What is expected:
Your answer must be a single number: how many lines of the data include "using".

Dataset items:
theorem mainTheorem7:
  fixes D :: "'e dcr" and es :: "'e list" and P :: "'e proc"
  assumes "wf_dcr D"
    and "distinct es" and "set es = events D"
    and "tau_reach (dcrpsi D es) P"
  shows "\<forall>(M, N, Q) \<in> unguarded_outputs P. M = ChanM \<and> Q = PNil \<and> N = Asrt (frame P)"
proof -
  \<comment> \<open>The invariant holds for every \<open>D\<close> and \<open>es\<close>.\<close>
  from dcr_invariant_tau_reach[OF assms(4) dcr_invariant_dcrpsi] obtain A
    where "dcr_form D P" "output_msgs P = {#Asrt A#}" "dominant A (assertions P)"
    unfolding dcr_invariant_def by blast
  then have "unguarded_outputs P = {(ChanM, Asrt A, PNil)}" and "frame P = A"
    by (simp_all add: unguarded_outputs_dcr_form frame_eq_dominant)
  then show ?thesis by simp
qed

end
lemma polyfun_cleared_shuffle_sum:
  assumes "finite V" "v \<in> V"
    and "a + 2 * (k - 1) + (card V - 1) \<le> d"
    and "k < card V \<Longrightarrow> b + 2 * (card V - k - 1) + (card V - 1) \<le> d"
  shows "polyfun (cleared_shuffle_sum x V v k (int a) (int b)) d"
  unfolding cleared_shuffle_sum_def[abs_def]
proof (intro polyfun_sum)
  show "finite {A. A \<subseteq> V \<and> card A = k}"
    using assms(1) by (auto intro: finite_subset[of _ "Pow V"])
next
  fix A assume "A \<in> {A. A \<subseteq> V \<and> card A = k}"
  then have A: "A \<subseteq> V" "card A = k" by auto
  have fin: "finite A" "finite (V - A)" using A assms(1) finite_subset by auto
  have kernels: "polyfun (cleared_kernel_prod x V v A) (card V - 1)"
    using polyfun_cleared_kernel_prod[OF assms(1,2) A(1)] .
  show "polyfun (\<lambda>z. E_on (x(v := z)) (int a) A * E_on (x(v := z)) (int b) (V - A)
      * cleared_kernel_prod x V v A z) d"
  proof (cases "v \<in> A")
    case True
    have "polyfun (\<lambda>z. E_on (x(v := z)) (int a) A * E_on (x(v := z)) (int b) (V - A)
        * cleared_kernel_prod x V v A z) (a + 2 * (card A - 1) + 0 + (card V - 1))"
      using True E_on_upd[of v "V - A" x _ "int b"]
      by (intro polyfun_mult polyfun_E_on_upd kernels fin True) (simp add: polyfun_const)
    then show ?thesis using A assms(3) by (auto intro: polyfun_mono)
  next
    case False
    then have "v \<in> V - A" using assms(2) by simp
    then have "k < card V"
      using A fin assms(1) by (metis card_Diff_subset card_gt_0_iff empty_iff zero_less_diff)
    moreover have "card (V - A) = card V - k" using A fin by (simp add: card_Diff_subset)
    moreover have "polyfun (\<lambda>z. E_on (x(v := z)) (int a) A * E_on (x(v := z)) (int b) (V - A)
        * cleared_kernel_prod x V v A z) (0 + (b + 2 * (card (V - A) - 1)) + (card V - 1))"
      using False \<open>v \<in> V - A\<close> E_on_upd[of v A x _ "int a"]
      by (intro polyfun_mult polyfun_E_on_upd kernels fin) (simp_all add: polyfun_const)
    ultimately show ?thesis using assms(4) by (auto intro: polyfun_mono)
  qed
qed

Answer for the task:
10